Nowadays, human senses and anatomical features are used in various applications. In particular, information collected from movement of hands, head and eyes are utilized as an input argument for different systems such as intelligent systems, robot control, security, assistive applications, and human diagnosis, etc. As a matter of fact, these inputs are essential for increasing the reliability of above-mentioned systems. Among these movements, eye movement is the most popular because of its crucial role in transmitting huge environmental data to the brain.
Human beings acquire 80–90% of the external world knowledge from their eyes [1]. The human eye has communication with the brain at very high speed and wide band [2]. Accordingly, vision is the most important part of our senses. Currently, it is likely that our behaviors and considerations might be recognizable with the help of the eye gaze. Where we place and how we move our gaze is associated with what we pay attention to [3]. In this regard, the significance of visual information and information evaluators is growing.
Visual information can be acquired through eye gaze tracking. Gaze tracking technology includes a sophisticated device that tracks and records where people look, together with movements of the eye gaze. In the literature, the most popular eye tracking methods are electrooculogram (EOG) [4], scleral magnetic search coils [5] and noninvasive video-based pupil-corneal reflection tracking [6].
A contemporary and widely-adopted method among traditional gaze tracking methods [7,8,9] is video image based pupil center-corneal reflection method (PCCR) which does not require physical contact with the user’s eye area. As it is not intrusive, PCCR is considered to be the most improved gaze tracking technology in recent years [10,11]. In PCCR methods, pupil center relative position with respect to corneal reflection which is called “glint” is the main point. Besides this, gaze estimation is performed by detecting the center of the pupil and corneal reflections created by illuminators. Consequently, gaze estimations are done via using single [12,13] or multiple illuminator-based methods [14,15,16] in many eye tracking studies.

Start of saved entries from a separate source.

lemma real_seminorm_if_matrix_norm:
  assumes "is_matrix_norm (N::'n::finite cmat \<Rightarrow> real)"
  shows "real_seminorm N"
proof
  show "N (X + Y) \<le> N X + N Y" for X Y
    using assms unfolding is_matrix_norm_def by blast
  show "N (r *\<^sub>R X) = \<bar>r\<bar> * N X" for r X
    using matrix_norm_cscale[OF assms, of "of_real r" X] by (simp add: mat_cscale_of_real)
qed

context
  fixes N :: "'n::finite cmat \<Rightarrow> real"
  assumes N: "is_matrix_norm N"
begin

interpretation real_seminorm N
  by (rule real_seminorm_if_matrix_norm[OF N])

lemma dual_norm_bdd_above: "bdd_above {cmod (mat_trace (mat_adj Y ** X)) | X. N X \<le> 1}"
proof -
  obtain c where "0 < c" and c: "\<And>X. c * norm X \<le> N X"
    using exists_mult_norm_le matrix_norm_eq_0_iff[OF N] by blast
  show ?thesis
  proof (rule bdd_aboveI, safe)
    fix X :: "'n cmat" assume "N X \<le> 1"
    obtain u where "cmod u = 1" and u: "cmod (mat_trace (mat_adj Y ** X)) = Y \<bullet> mat_cscale u X"
      using mat_trace_adj_mult_rotation by blast
    have "c * norm (mat_cscale u X) \<le> 1"
      using c[of "mat_cscale u X"] \<open>N X \<le> 1\<close> \<open>cmod u = 1\<close> by (simp add: matrix_norm_cscale[OF N])
    then have "norm (mat_cscale u X) \<le> 1 / c"
      using \<open>0 < c\<close> by (simp add: field_simps mult.commute)
    then have "norm Y * norm (mat_cscale u X) \<le> norm Y * (1 / c)"
      by (rule mult_left_mono) simp
    then show "cmod (mat_trace (mat_adj Y ** X)) \<le> norm Y * (1 / c)"
      using u norm_cauchy_schwarz[of Y "mat_cscale u X"] by linarith
  qed
qed

lemma mat_trace_le_dual_norm: "N X \<le> 1 \<Longrightarrow> cmod (mat_trace (mat_adj Y ** X)) \<le> dual_norm N Y"
  unfolding dual_norm_def by (rule cSup_upper[OF _ dual_norm_bdd_above]) blast

lemma mat_trace_le_dual_norm_mult: "cmod (mat_trace (mat_adj Y ** X)) \<le> dual_norm N Y * N X"
proof (cases "X = 0")
  case True
  then show ?thesis by (simp add: matrix_matrix_mult_def mat_trace_def)
next
  case False
  then have "0 < N X" using nonneg matrix_norm_eq_0_iff[OF N] by (metis less_eq_real_def)
  have "cmod (mat_trace (mat_adj Y ** mat_cscale (of_real (1 / N X)) X)) \<le> dual_norm N Y"
    using \<open>0 < N X\<close> by (intro mat_trace_le_dual_norm) (simp add: matrix_norm_cscale[OF N] norm_divide)
  then show ?thesis
    using \<open>0 < N X\<close> by (simp add: mat_trace_adj_mult_cscale norm_divide pos_divide_le_eq mult.commute)
qed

Eye gaze tracking systems can employ visible or infrared (IR) light as an illuminator. When visible light is preferred, it is difficult to detect pupil center and distinguish the pupil from noisy reflections. On the other hand, IR light eases pupil detection by means of near infrared (NIR) cameras. Thus, many eye tracker applications use IR light with NIR cameras. According to the eye tracking processes, one or more NIR cameras are utilized to obtain 2D or 3D video images. Three-dimensional video image-based systems have higher accuracies but they have lower working frequencies.
Eye gaze estimation of users can be carried out using lots of techniques. Eye trackers have been designed as wearable or as remote gaze tracking systems. In the form of a wearable system, an eye tracking camera is mounted on the user’s head [17,18]. In the remote system, visual perception is acquired by a remote camera system [19,20]. This case is more convenient for the users.
Recently, several video-based pupil detection algorithms such as the Ellipse selector (ElSe) [21], the Exclusive Curve Selector (ExCuSe) [22], and the Convolutional Neural Network (CNN) [23] have been proposed to estimate eye pupil at high detection rates and low computational costs. The Ellipse selector (ElSe) is based on ellipse evaluation of a filtered edge image and pupil contour validation. It is a robust, resource-saving approach that can be integrated in embedded architectures. ExCuSe analyses the images depending on reflections based on intensity histograms. Edge detectors, morphologic operations, and the angular integral projection function are applied to detect the pupil contour in this algorithm. CNN is a dual convolutional neural network pipeline. In the first stage, the pipeline performs pupil position determination using a convolutional neural network. Then, subregions are derived from the downscaled input image. The second pipeline stage employs another convolutional neural network to refine this pupil position by means of the subregions. These algorithms have contributed to create eye image-based data sets. These data sets include real world scenarios, such as illumination changes, reflections (on glasses), make-up, non-centered eye recording, and physiological eye characteristics. ExCuSe used Swirski data set and provided 17 new hand-labeled data sets. ElSe used Swirski and ExCuse data sets and provided seven new hand-labeled data sets. These studies were performed on approximately 200,000 frames [24].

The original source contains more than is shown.